Neat mechanism Spinman! It works great. Thanks for sharing.


----------



## HomeyDaClown (Oct 3, 2009)

Nice alternative to pneumatics. 

I know sump pumps can generate good PSI an at such a low lift it otta work great.

Now I'll have to get out a couple popup sprinklers and play. Wondering if you tried that avenue. I have one that pops up 12" but never thought to plug the end and tie anything to it.


----------



## corey872 (Jan 10, 2010)

Neat prop - though with the price of sump pumps - I think sticker shock might be the most scary part! Homey does hint at an interesting alternative, though...if you don't mind dumping a gallon of water or so each time the prop fires, you might be able to hook to tap water ...like a sprinkler ...and just run a garden hose to the prop and use a 12V valve to trigger the 'on' state and the water filling the cylinder is drained on the ground when off.


----------



## spinman1949 (Jun 29, 2009)

Pricey yes. I did get this pump for a $ 1 on ebay. $ 12 shipping. And I had to order a $1 part to fix it. The PVC cost much more. 

And yes the pop up sprinkler head will work as long as you use line water pressure. You need a biggger bore for the sump pump to lift anything. 

It is not exactly a practical prop in some ways, but I wanted to see if it could be done. On another forum a member stated there is a DVD that offers a pump driven pop up out of flourescent water. 

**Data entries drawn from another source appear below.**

(* For every $T>0$, $$\sup_{t\in[0,T]}\Bigl|\int_0^t Y^N(s)\,\widetilde Z^N(s)\,ds\Bigr|\to0$$ in probability as $N\to\infty$.
   Context: Model. Fix $\tau>0$, $\mu\ge 0$, $N\in\mathbb N$, and write $L=\lfloor \tau N\rfloor$. The state space is $\Omega_N=[0,\infty)^{L+1}$, with elements $x=(x_{-L},\dots,x_0)$. Define $\theta_N^\pm:\Omega_N\to\Omega_N$ by $(\theta_N^\pm x)_j=x_{j+1}$ for $-L\le j<0$, $(\theta_N^+x)_0=x_0(1+\frac1N)$, $(\theta_N^-x)_0=\max\{x_0(1-\frac{x_{-L}}{N^2}),0\}$. Let $\xi^N=(\xi^N(n))_{n\ge0}$ be the discrete-time Markov chain on $\Omega_N$ moving from $x$ to $\theta_N^+x$ or $\theta_N^-x$ with probability $1/2$ each, with $\xi^N_j(0)=\mu N$ for all $j$. Let $(\sigma_n)_{n\ge1}$ be i.i.d. Exp(1), independent of $\xi^N$, $J_0=0$, $J_n=\sigma_1+\dots+\sigma_n$, and $X^N(t)=\xi^N(n)$ for $t\in[J_n,J_{n+1})$. For $t\ge0$: $Y^N(t)=X^N_0(Nt)/N$, $Z^N(t)=X^N_{-L}(Nt)/N$, $\widetilde Z^N(t)=Z^N(t)-\min\{Z^N(t),N\}$. *)

theory Defs
  imports "HOL-Probability.Probability"
begin

text \<open>States x = (x_{-L},...,x_0) are represented as functions int => real,
  meaningful on indices -L..0 (other indices are kept at 0).\<close>

definition Lag :: "real \<Rightarrow> nat \<Rightarrow> nat" where
  "Lag \<tau> N = nat \<lfloor>\<tau> * real N\<rfloor>"

definition theta_plus :: "real \<Rightarrow> nat \<Rightarrow> (int \<Rightarrow> real) \<Rightarrow> (int \<Rightarrow> real)" where
  "theta_plus \<tau> N x = (\<lambda>j. if - int (Lag \<tau> N) \<le> j \<and> j < 0 then x (j + 1)
      else if j = 0 then x 0 * (1 + 1 / real N) else 0)"
definition expansion_arcs :: "('v,'e) pre_digraph \<Rightarrow> ('w,'r) pre_digraph \<Rightarrow> nat \<Rightarrow> ('e \<times> 'r list) set" where
  "expansion_arcs G0 R n = {(e0, zs). e0 \<in> arcs G0 \<and> set zs \<subseteq> arcs R \<and> length zs = n}"

definition gluing_vertices :: "('v,'e) pre_digraph \<Rightarrow> ('w,'r) pre_digraph \<Rightarrow> 'w \<Rightarrow> 'w \<Rightarrow>
    ('v,'e,'r,'w) gvert set" where
  "gluing_vertices G0 R iR tR = (\<Union>n. expansion_verts G0 R iR tR n)"

text \<open>Symbol space: a point \<open>\<epsilon>0 \<epsilon>1 \<epsilon>2 ...\<close> is the pair (\<epsilon>0, f) with f i = \<epsilon>(i+1).\<close>
definition symbol_space :: "('v,'e) pre_digraph \<Rightarrow> ('w,'r) pre_digraph \<Rightarrow> ('e \<times> (nat \<Rightarrow> 'r)) set" where
  "symbol_space G0 R = {(e0, f). e0 \<in> arcs G0 \<and> (\<forall>i. f i \<in> arcs R)}"

definition prefix_edge :: "'e \<times> (nat \<Rightarrow> 'r) \<Rightarrow> nat \<Rightarrow> 'e \<times> 'r list" where
  "prefix_edge p n = (fst p, map (snd p) [0..<n])"

definition glued :: "('v,'e) pre_digraph \<Rightarrow> ('w,'r) pre_digraph \<Rightarrow> 'w \<Rightarrow> 'w \<Rightarrow>
    'e \<times> (nat \<Rightarrow> 'r) \<Rightarrow> 'e \<times> (nat \<Rightarrow> 'r) \<Rightarrow> bool" where
  "glued G0 R iR tR p q \<longleftrightarrow>
     (\<forall>n. \<exists>u. incident G0 R iR tR (prefix_edge p n) u \<and> incident G0 R iR tR (prefix_edge q n) u)"

definition represents :: "('v,'e) pre_digraph \<Rightarrow> ('w,'r) pre_digraph \<Rightarrow> 'w \<Rightarrow> 'w \<Rightarrow>
    'e \<times> (nat \<Rightarrow> 'r) \<Rightarrow> ('v,'e,'r,'w) gvert \<Rightarrow> bool" where
  "represents G0 R iR tR p u \<longleftrightarrow>
     (\<exists>N. \<forall>n\<ge>N. incident G0 R iR tR (prefix_edge p n) u)"

end

(*
  A vertex u first appears in G_n for n = birth u, and an edge of G_m with m >= n is
  incident on u only if its ancestor in G_n is; a new vertex of G_(n+1) lying on the copy
  of R that replaces an edge of G_n is incident only on descendants of that edge.  Hence
  two points representing the same vertex are glued.  Conversely, once the prefixes of two
  distinct glued points differ, every vertex they share in G_(n+1) is already shared in
  G_n, so the shared sets form a decreasing chain of nonempty subsets of the two endpoints
  of one edge; an element of all of them is represented by both points.  A point
  represents at most one vertex because its edge in G_(n+1) meets G_n in at most one
  vertex, the initial and terminal vertices of R not being joined by an edge.  Every
  vertex is represented: as G0 and R have no isolated vertices, some edge is incident on
  it, and every such edge can be refined to a sub-edge that is still incident on it.
  Transitivity of gluing follows from uniqueness of the represented vertex.
*)

theory Submission
  imports Defs "HOL-Library.Omega_Words_Fun"
begin
lemma bij_betw_modinv: "bij_betw (\<lambda>x. modinv x c) (reduced_residues c) (reduced_residues c)"
proof (cases "c = 0")
  case False
  then show ?thesis
    by (intro bij_betwI[where g = "\<lambda>x. modinv x c"])
      (auto simp: modinv_in_reduced_residues modinv_modinv)
qed (simp add: reduced_residues_def bij_betw_def)

lemma modinv_mod_dvd:
  assumes "c > 0" "d dvd c" "coprime z (int c)"
  shows "modinv z c mod int d = modinv (z mod int d) d"
proof (rule sym, rule modinv_eqI)
  have "d > 0" using assms(1,2) by (simp add: dvd_pos_nat)
  then show "modinv z c mod int d \<in> {0..<int d}" by simp
  have "[z * modinv z c = 1] (mod int d)"
    using cong_mult_modinv[OF assms(1,3)] assms(2) by (simp add: cong_dvd_modulus)
  then show "[z mod int d * (modinv z c mod int d) = 1] (mod int d)"
    by (simp add: cong_def mod_mult_eq)
qed

lemma coprime_of_prime_divisors_dvd:
  fixes z :: int and b r :: nat
  assumes "\<forall>p. prime p \<and> p dvd r \<longrightarrow> p dvd b" "coprime z (int b)"
  shows "coprime z (int r)"
proof (rule coprimeI)
  fix c assume c: "c dvd z" "c dvd int r"
  show "is_unit c"
  proof (rule ccontr)
    assume "\<not> is_unit c"
    then obtain p where p: "prime p" "p dvd c"
      using prime_factor_int[of c] by auto
    have "p dvd int r" using p(2) c(2) by (rule dvd_trans)
    then have "nat p dvd r" "prime (nat p)"
      using p(1) prime_ge_0_int[of p] by (simp_all add: nat_dvd_iff)
    then have "p dvd int b"
      using assms(1) p by (metis int_dvd_int_iff prime_ge_0_int int_nat_eq)
    then show False
      using assms(2) p c(1) by (meson coprime_common_divisor dvd_trans not_prime_unit)
  qed
qed

section \<open>Kloosterman sums\<close>

lemma kloosterman_reduced_residues:
  "kloosterman a n c = (\<Sum>x\<in>reduced_residues c. e (of_int (a * x + n * modinv x c) / real c))"
  by (simp add: kloosterman_def reduced_residues_def)

lemma kloosterman_commute: "kloosterman a n c = kloosterman n a c"
proof (cases "c = 0")
  case False
  have "kloosterman a n c = (\<Sum>x\<in>reduced_residues c. e (of_int (a * x + n * modinv x c) / real c))"
    by (rule kloosterman_reduced_residues)
  also have "\<dots> = (\<Sum>y\<in>reduced_residues c. e (of_int (a * modinv y c + n * y) / real c))"
    using False
    by (intro sum.reindex_bij_witness[where i = "\<lambda>y. modinv y c" and j = "\<lambda>y. modinv y c"])
      (auto simp: modinv_in_reduced_residues modinv_modinv)
  also have "\<dots> = kloosterman n a c"
    by (simp add: kloosterman_reduced_residues add.commute)
  finally show ?thesis .
qed (simp add: kloosterman_def)

lemma kloosterman_zero_left: "kloosterman 0 n c = (\<Sum>v\<in>reduced_residues c. e (of_int (n * v) / real c))"
  unfolding kloosterman_commute[of 0] by (simp add: kloosterman_reduced_residues)

lemma coprime_add_mult_self_iff:
  fixes a m t :: "'a::semiring_gcd"
  shows "coprime (a + m * t) m \<longleftrightarrow> coprime a m"
  by (metis coprime_iff_gcd_eq_1 gcd.commute gcd_add_mult add.commute mult.commute)

lemma div_less_iff_less_mult_int:
  fixes z b r :: int
  assumes "b > 0"
  shows "z div b < r \<longleftrightarrow> z < r * b"
proof
  assume "z div b < r"
  then have "z div b * b + b \<le> r * b"
    using mult_right_mono[of "z div b + 1" r b] assms by (simp add: distrib_right)
  moreover have "z < z div b * b + b"
    using div_mult_mod_eq[of z b] pos_mod_bound[OF assms, of z] by linarith
  ultimately show "z < r * b" by linarith
next
  assume "z < r * b"
  show "z div b < r"
  proof (rule ccontr)
    assume "\<not> z div b < r"
    then have "r * b \<le> z div b * b" using assms by (intro mult_right_mono) auto
    also have "\<dots> \<le> z" using div_mult_mod_eq[of z b] pos_mod_sign[OF assms, of z] by linarith
    finally show False using \<open>z < r * b\<close> by simp
  qed
qed

lemma sum_reduced_residues_mult:
  assumes "b > 0" "\<forall>p. prime p \<and> p dvd r \<longrightarrow> p dvd b"
  shows "(\<Sum>z\<in>reduced_residues (b * r). f z)
       = (\<Sum>z\<in>reduced_residues b. \<Sum>t\<in>{0..<int r}. f (z + int b * t))"
proof -
  have coprime_iff: "coprime z (int b * int r) \<longleftrightarrow> coprime z (int b)" for z
    using coprime_of_prime_divisors_dvd[OF assms(2)] by auto
  have lt_iff: "z < int b * int r \<longleftrightarrow> z div int b < int r" for z
    using div_less_iff_less_mult_int[of "int b" z "int r"] assms(1) by (simp add: mult.commute)
  have "(\<Sum>z\<in>reduced_residues (b * r). f z)
      = (\<Sum>(z, t)\<in>reduced_residues b \<times> {0..<int r}. f (z + int b * t))"
    using assms(1)
    by (intro sum.reindex_bij_witness[where i = "\<lambda>(z, t). z + int b * t"
          and j = "\<lambda>z. (z mod int b, z div int b)"])
      (auto simp: reduced_residues_def coprime_iff coprime_add_mult_self_iff lt_iff
        pos_imp_zdiv_nonneg_iff simp del: coprime_mult_right_iff)
  also have "\<dots> = (\<Sum>z\<in>reduced_residues b. \<Sum>t\<in>{0..<int r}. f (z + int b * t))"
    by (simp add: sum.cartesian_product)
  finally show ?thesis .
qed

lemma kloosterman_mult_modulus:
  assumes "b > 0" "r > 0" "\<forall>p. prime p \<and> p dvd r \<longrightarrow> p dvd b"
  shows "kloosterman (int r * x) n (b * r) = (if int r dvd n then of_nat r else 0) *
           (\<Sum>z\<in>reduced_residues b.
              e (of_int (x * modinv z b) / real b) * e (of_int (n * z) / real (b * r)))"
proof -
  define F where "F z = e (of_int (x * modinv z b) / real b)" for z
  have summand: "e (of_int (n * z + int r * x * modinv z (b * r)) / real (b * r))
      = F (z mod int b) * e (of_int (n * z) / real (b * r))"
    if z: "z \<in> reduced_residues (b * r)" for z
  proof -
    have "e (of_int (n * z + int r * x * modinv z (b * r)) / real (b * r))
        = e (of_int (x * modinv z (b * r)) / real b) * e (of_int (n * z) / real (b * r))"
      using assms(1,2) by (simp add: e_add[symmetric] field_simps)
    also have "e (of_int (x * modinv z (b * r)) / real b)
        = e (of_int (x * (modinv z (b * r) mod int b)) / real b)"
      by (rule e_div_cong) (simp add: cong_def mod_mult_right_eq)
    also have "modinv z (b * r) mod int b = modinv (z mod int b) b"
      using z assms(1,2) by (intro modinv_mod_dvd) (auto simp: reduced_residues_def)
    finally show ?thesis by (simp add: F_def)
  qed
  have "kloosterman (int r * x) n (b * r)
      = (\<Sum>z\<in>reduced_residues (b * r). F (z mod int b) * e (of_int (n * z) / real (b * r)))"
    unfolding kloosterman_commute[of "int r * x"] unfolding kloosterman_reduced_residues
    by (intro sum.cong refl summand)
  also have "\<dots> = (\<Sum>z\<in>reduced_residues b. \<Sum>t\<in>{0..<int r}.
                     F z * e (of_int (n * z) / real (b * r)) * e (of_int (n * t) / real r))"
  proof -
    have "F ((z + int b * t) mod int b) * e (of_int (n * (z + int b * t)) / real (b * r))
        = F z * e (of_int (n * z) / real (b * r)) * e (of_int (n * t) / real r)"
      if "z \<in> reduced_residues b" for z t
    proof -
      have "(z + int b * t) mod int b = z" using that by (simp add: reduced_residues_def)
      moreover have "of_int (n * (z + int b * t)) / real (b * r)
          = of_int (n * z) / real (b * r) + of_int (n * t) / real r"
        using assms(1,2) by (simp add: field_simps)
      ultimately show ?thesis by (simp add: e_add)
    qed
    then show ?thesis
      unfolding sum_reduced_residues_mult[OF assms(1,3)] by (intro sum.cong refl)
  qed
  also have "\<dots> = (if int r dvd n then of_nat r else 0) *
                   (\<Sum>z\<in>reduced_residues b. F z * e (of_int (n * z) / real (b * r)))"
    unfolding sum_e_mult_div[OF assms(2), symmetric] sum_distrib_left sum_distrib_right
    by (simp add: mult_ac)
  finally show ?thesis by (simp add: F_def)
qed

section \<open>Mean-square estimates\<close>

lemma norm_sum_squared_le_card:
  fixes f :: "'a \<Rightarrow> 'b::real_normed_vector"
  shows "(norm (\<Sum>u\<in>A. f u))\<^sup>2 \<le> real (card A) * (\<Sum>u\<in>A. (norm (f u))\<^sup>2)"
proof -
  have "(norm (\<Sum>u\<in>A. f u))\<^sup>2 \<le> (\<Sum>u\<in>A. norm (f u))\<^sup>2"
    by (intro power_mono norm_sum) simp
  also have "\<dots> \<le> (\<Sum>u\<in>A. (norm (f u))\<^sup>2) * real (card A)"
    by (rule sum_squared_le_sum_of_squares)
  finally show ?thesis by (simp add: mult.commute)
qed
(* Let $f(z)=\sum_{k=0}^\infty a_kz^{n_k}$ be analytic in $\mathbb D$, where $\{n_k\}$ are positive integers with $n_{k+1}\ge\lambda n_k$ for all $k$ and some $\lambda>1$. If $\sum_{k=0}^\infty|a_k|^2(\log n_k)^3<\infty$, then $f\in BMOA_{\log}\cap H^\infty$.
   Context: $\mathbb D$ is the open unit disc, $dA=\frac1\pi dx\,dy$, $H^\infty$ is the space of bounded analytic functions on $\mathbb D$. For an arc $I\subset\partial\mathbb D$ of length $|I|$, $S(I)=\{re^{it}: e^{it}\in I,\ 1-\frac{|I|}{2\pi}\le r<1\}$. $BMOA_{\log}$ is the space of $g\in H^1$ for which there is $C>0$ with $\int_{S(I)}(1-|z|^2)|g'(z)|^2\,dA(z)\le C|I|\left(\log\frac{2}{|I|}\right)^{-2}$ for every arc $I$. *)

theory Defs
  imports "HOL-Analysis.Analysis"
begin

abbreviation unit_disc :: "complex set" where
  "unit_disc \<equiv> ball 0 1"

definition Hinf :: "(complex \<Rightarrow> complex) set" where
  "Hinf = {f. f holomorphic_on unit_disc \<and> bounded (f ` unit_disc)}"

definition circle_mean :: "(complex \<Rightarrow> complex) \<Rightarrow> real \<Rightarrow> real" where
  "circle_mean f r = (1 / (2 * pi)) * integral {0..2*pi} (\<lambda>t. norm (f (of_real r * cis t)))"

definition H1 :: "(complex \<Rightarrow> complex) set" where
  "H1 = {f. f holomorphic_on unit_disc \<and> bdd_above (circle_mean f ` {0..<1})}"

text \<open>Carleson box S(I) over the arc I = {e^{it} : theta \<le> t \<le> theta + l}, |I| = l, 0 < l \<le> 2 pi.\<close>
definition carleson_box :: "real \<Rightarrow> real \<Rightarrow> complex set" where
  "carleson_box theta l =
     {of_real r * cis t | r t. theta \<le> t \<and> t \<le> theta + l \<and> 1 - l / (2 * pi) \<le> r \<and> r < 1}"

text \<open>BMOA_log. dA = (1/pi) dx dy. When |I| = 2 the right-hand side
  |I| (log(2/|I|))^(-2) is +infinity, so the condition is vacuous there.\<close>
definition BMOA_log :: "(complex \<Rightarrow> complex) set" where
  "BMOA_log = {g. g \<in> H1 \<and>
     (\<exists>C>0. \<forall>theta l. 0 < l \<and> l \<le> 2 * pi \<and> l \<noteq> 2 \<longrightarrow>
        (\<integral>\<^sup>+ z \<in> carleson_box theta l.
            ennreal ((1 - (cmod z)\<^sup>2) * (cmod (deriv g z))\<^sup>2 / pi) \<partial>lborel)
        \<le> ennreal (C * l / (ln (2 / l))\<^sup>2))}"

end

theory Submission
  imports Defs
begin

text \<open>
  Lacunarity \<open>n(k+1) \<ge> \<lambda> n(k)\<close> makes \<open>\<Sum>\<^sub>k n(k) r^(n(k) - 1) \<le> c / (1 - r)\<close> with
  \<open>c = \<lambda> / (\<lambda> - 1)\<close>: each term is dominated by \<open>c\<close> times a block of the geometric series.
  As \<open>ln n(k) \<ge> k ln \<lambda>\<close>, the weights \<open>(ln n(k))^3\<close> force \<open>\<Sum> |a k| < \<infinity>\<close>, so \<open>f\<close> is bounded.

  For an arc of length \<open>l\<close> let \<open>h = l / 2\<pi>\<close>. Split \<open>f'\<close> at frequency \<open>h^(-1/2)\<close>; the low
  part is at most \<open>\<Sum> |a k| / \<surd>h\<close>, and Cauchy--Schwarz against the lacunary sum bounds the
  high part, so on the Carleson box \<open>(1 - |z|^2) |f' z|^2\<close> is at most a constant plus
  \<open>4c \<Sum> |a k|^2 n(k) |z|^(n(k) - 1)\<close> over the high frequencies. Near the arc the box is
  covered by \<open>O(l / s)\<close> discs of radius \<open>2s\<close>, whence \<open>m |z|^(m - 1)\<close> integrates to \<open>O(l)\<close>
  over the box uniformly in \<open>m\<close>. The box integral is therefore \<open>O(l (h + \<Sum> |a k|^2))\<close>, the
  sum over \<open>n(k)^2 > 1/h\<close>; there \<open>ln (1/h) < 2 ln n(k)\<close>, so it is \<open>O(l / ln (2/l)^2)\<close>.
\<close>

lemma norm_cis_minus_one_le: "cmod (cis t - 1) \<le> \<bar>t\<bar>"
proof -
  have "(cmod (cis t - 1))\<^sup>2 = 2 - 2 * cos t"
    using sin_cos_squared_add[of t] by (simp add: cmod_def power2_eq_square algebra_simps)
  also have "\<dots> = (2 * sin (t/2))\<^sup>2"
    using cos_double_sin[of "t/2"] by (simp add: power2_eq_square)
  also have "\<dots> \<le> t\<^sup>2"
  proof -
    have "\<bar>2 * sin (t/2)\<bar> \<le> \<bar>t\<bar>" using abs_sin_x_le_abs_x[of "t/2"] by simp
    then show ?thesis by (simp only: abs_le_square_iff)
  qed
  finally have "\<bar>cmod (cis t - 1)\<bar> \<le> \<bar>t\<bar>" by (simp only: abs_le_square_iff)
  then show ?thesis by simp
qed

lemma norm_cis_diff_le: "cmod (cis s - cis t) \<le> \<bar>s - t\<bar>"
proof -
  have "cis s - cis t = cis t * (cis (s - t) - 1)" by (simp add: right_diff_distrib cis_mult)
  then show ?thesis using norm_cis_minus_one_le[of "s - t"] by (simp add: norm_mult)
qed

lemma Cauchy_Schwarz_suminf:
  fixes p q :: "nat \<Rightarrow> real"
  assumes p: "\<And>k. 0 \<le> p k" "summable p" and q: "\<And>k. 0 \<le> q k" "summable q"
  shows "summable (\<lambda>k. sqrt (p k) * sqrt (q k))"
    and "(\<Sum>k. sqrt (p k) * sqrt (q k))\<^sup>2 \<le> suminf p * suminf q"
proof -
  have "sqrt (p k) * sqrt (q k) \<le> (p k + q k) / 2" for k
    using arith_geo_mean_sqrt[OF p(1) q(1), of k] by (simp add: real_sqrt_mult)
  then show sw: "summable (\<lambda>k. sqrt (p k) * sqrt (q k))"
    by (intro summable_comparison_test[OF _ summable_divide[OF summable_add[OF p(2) q(2)], of 2]])
      (use p q in auto)
  have "(\<Sum>k<N. sqrt (p k) * sqrt (q k))\<^sup>2 \<le> suminf p * suminf q" for N
  proof -
    have "(\<Sum>k<N. sqrt (p k) * sqrt (q k))\<^sup>2 \<le> (\<Sum>k<N. (sqrt (p k))\<^sup>2) * (\<Sum>k<N. (sqrt (q k))\<^sup>2)"
      by (rule Cauchy_Schwarz_ineq_sum)
    also have "\<dots> = (\<Sum>k<N. p k) * (\<Sum>k<N. q k)" using p q by simp
    also have "\<dots> \<le> suminf p * suminf q"
      using p q by (intro mult_mono sum_le_suminf) (auto simp: sum_nonneg suminf_nonneg)
    finally show ?thesis .
  qed
  moreover have "(\<lambda>N. (\<Sum>k<N. sqrt (p k) * sqrt (q k))\<^sup>2) \<longlonglongrightarrow> (\<Sum>k. sqrt (p k) * sqrt (q k))\<^sup>2"
    using summable_LIMSEQ[OF sw] by (intro tendsto_intros)
  ultimately show "(\<Sum>k. sqrt (p k) * sqrt (q k))\<^sup>2 \<le> suminf p * suminf q"
    by (intro LIMSEQ_le_const2) auto
qed

lemma one_plus_two_mult_squared_le:
  fixes y :: real assumes "0 \<le> y" shows "(1 + 2 * y)\<^sup>2 \<le> 9 * (1 + y ^ 3)"
proof -
  have "y ^ 1 \<le> 1 + y ^ 3" "y ^ 2 \<le> 1 + y ^ 3"
  proof (atomize (full), cases "y \<le> 1")
    case True
    then show "y ^ 1 \<le> 1 + y ^ 3 \<and> y ^ 2 \<le> 1 + y ^ 3"
      using assms by (auto simp: power_le_one intro: add_increasing2)
  next
    case False
    then have "y ^ 1 \<le> y ^ 3" "y ^ 2 \<le> y ^ 3" by (intro power_increasing; simp)+
    then show "y ^ 1 \<le> 1 + y ^ 3 \<and> y ^ 2 \<le> 1 + y ^ 3" by simp
  qed
  moreover have "0 \<le> y ^ 3" using assms by simp
  moreover have "(1 + 2 * y)\<^sup>2 = 1 + 4 * y ^ 1 + 4 * y ^ 2" by (simp add: power2_eq_square algebra_simps)
  ultimately show ?thesis by argo
qed

lemma one_plus_squared_le_exp: "0 \<le> (u::real) \<Longrightarrow> (1 + u)\<^sup>2 \<le> 4 * exp u"
proof -
  assume "0 \<le> u"
  then have "(1 + u)\<^sup>2 \<le> (2 * exp (u / 2))\<^sup>2"
    using exp_ge_add_one_self[of "u / 2"] by (intro power_mono) linarith+
  also have "\<dots> = 4 * exp u" by (simp add: power2_eq_square exp_add[symmetric])
  finally show ?thesis .
qed

lemma ln_pi_le_2: "ln pi \<le> 2"
proof -
  have "2 \<le> exp (1::real)" using exp_ge_add_one_self[of 1] by simp
  then have "pi \<le> exp 1 * exp (1::real)"
    using pi_less_4 mult_mono[of 2 "exp 1" 2 "exp (1::real)"] by simp
  then have "pi \<le> exp 2" by (simp add: exp_add[symmetric])
  then show ?thesis using pi_gt_zero by (metis exp_gt_zero ln_exp ln_le_cancel_iff)
qed

lemma mult_one_minus_ln_squared_le:
  fixes h :: real
  assumes "0 < h" "h \<le> 1"
  shows "h * (1 - ln h)\<^sup>2 \<le> 4"
proof -
  have "h * (1 - ln h)\<^sup>2 \<le> h * (4 * exp (- ln h))"
    using one_plus_squared_le_exp[of "- ln h"] assms by (intro mult_left_mono) auto
  also have "\<dots> = 4" using assms by (simp add: exp_minus)
  finally show ?thesis .
qed

lemma ln_two_div_squared_le:
  assumes "0 < l" "l \<le> 2 * pi"
  shows "(ln (2 / l))\<^sup>2 \<le> 4 * (1 - ln (l / (2 * pi)))\<^sup>2"
proof -
  define u where "u = - ln (l / (2 * pi))"
  have u: "0 \<le> u" using assms by (simp add: u_def)
  have "ln (2 / l) = u - ln pi"
    using assms by (simp add: u_def ln_div ln_mult)
  moreover have "0 \<le> ln pi" using pi_gt3 by simp
  ultimately have "\<bar>ln (2 / l)\<bar> \<le> 2 * (1 + u)" using u ln_pi_le_2 by (simp only: abs_le_iff) argo
  then have "\<bar>ln (2 / l)\<bar>\<^sup>2 \<le> (2 * (1 + u))\<^sup>2" by (rule power_mono) simp
  then show ?thesis by (simp add: u_def power2_eq_square algebra_simps)
qed

section \<open>Hadamard gap sequences\<close>

lemma power_block_sum_ge:
  assumes "i \<le> j" "0 \<le> r" "r \<le> (1::real)"
  shows "real (j - i) * r ^ (j - 1) \<le> (\<Sum>m\<in>{i..<j}. r ^ m)"
proof -
  have "r ^ (j - 1) \<le> r ^ m" if "m \<in> {i..<j}" for m
    using that assms by (intro power_decreasing) auto
  then show ?thesis using sum_bounded_below[of "{i..<j}" "r ^ (j - 1)" "\<lambda>m. r ^ m"] by simp
qed

locale hadamard_gap =
  fixes n :: "nat \<Rightarrow> nat" and lam :: real
  assumes n_pos: "\<And>k. n k > 0"
    and gap_ratio_gt_1: "lam > 1"
    and gap: "\<And>k. real (n (Suc k)) \<ge> lam * real (n k)"
begin

definition gap_const :: real where "gap_const = lam / (lam - 1)"

lemma gap_const_ge_1: "gap_const \<ge> 1"
  using gap_ratio_gt_1 by (simp add: gap_const_def field_simps)

lemma n_less_Suc: "n k < n (Suc k)"
proof -
  have "real (n k) < lam * real (n k)" using n_pos[of k] gap_ratio_gt_1 by simp
  also have "\<dots> \<le> real (n (Suc k))" by (rule gap)
  finally show ?thesis by simp
qed

lemma n_Suc_le_gap_const_mult_diff: "real (n (Suc k)) \<le> gap_const * (real (n (Suc k)) - real (n k))"
proof -
  have "real (n k) \<le> real (n (Suc k)) / lam" using gap[of k] gap_ratio_gt_1 by (simp add: field_simps)
  then show ?thesis using gap_ratio_gt_1 by (simp add: gap_const_def field_simps)
qed

lemma gap_ratio_power_le: "lam ^ k \<le> real (n k)"
proof (induction k)
  case 0
  then show ?case using n_pos[of 0] by simp
next
  case (Suc k)
  then have "lam ^ Suc k \<le> lam * real (n k)" using gap_ratio_gt_1 by simp
  also have "\<dots> \<le> real (n (Suc k))" by (rule gap)
  finally show ?case .
qed

lemma ln_n_ge: "real k * ln lam \<le> ln (real (n k))"
proof -
  have "ln (lam ^ k) \<le> ln (real (n k))"
    using gap_ratio_power_le[of k] gap_ratio_gt_1 n_pos[of k] by (subst ln_le_cancel_iff) auto
  then show ?thesis using gap_ratio_gt_1 by (simp add: ln_realpow)
qed

lemma ln_n_nonneg: "0 \<le> ln (real (n k))"
  using n_pos[of k] by simp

One thing this does open up? Pneumatic giant cheep cylinders. Think what you could lift with a 2 1/2 inch PVC cylinder. Keep the pressure low at say 20lbs and you can still lift nearly 100 lbs. Plus you can make it as long as you want.


----------



## RoxyBlue (Oct 6, 2008)

You could have a lot of fun putting that out at the curb on trash pickup day


----------



## HomeyDaClown (Oct 3, 2009)

You can get sump pumps pretty cheap and even rebuilds, Harbor Freight has em on sale oll the time. It would just recycle the same water over and over. I have a sump from HF that has a garden hose connector so it would easily adapt to a popup sprinkler. Since the piston is already in there should be easy to make it as long as you want.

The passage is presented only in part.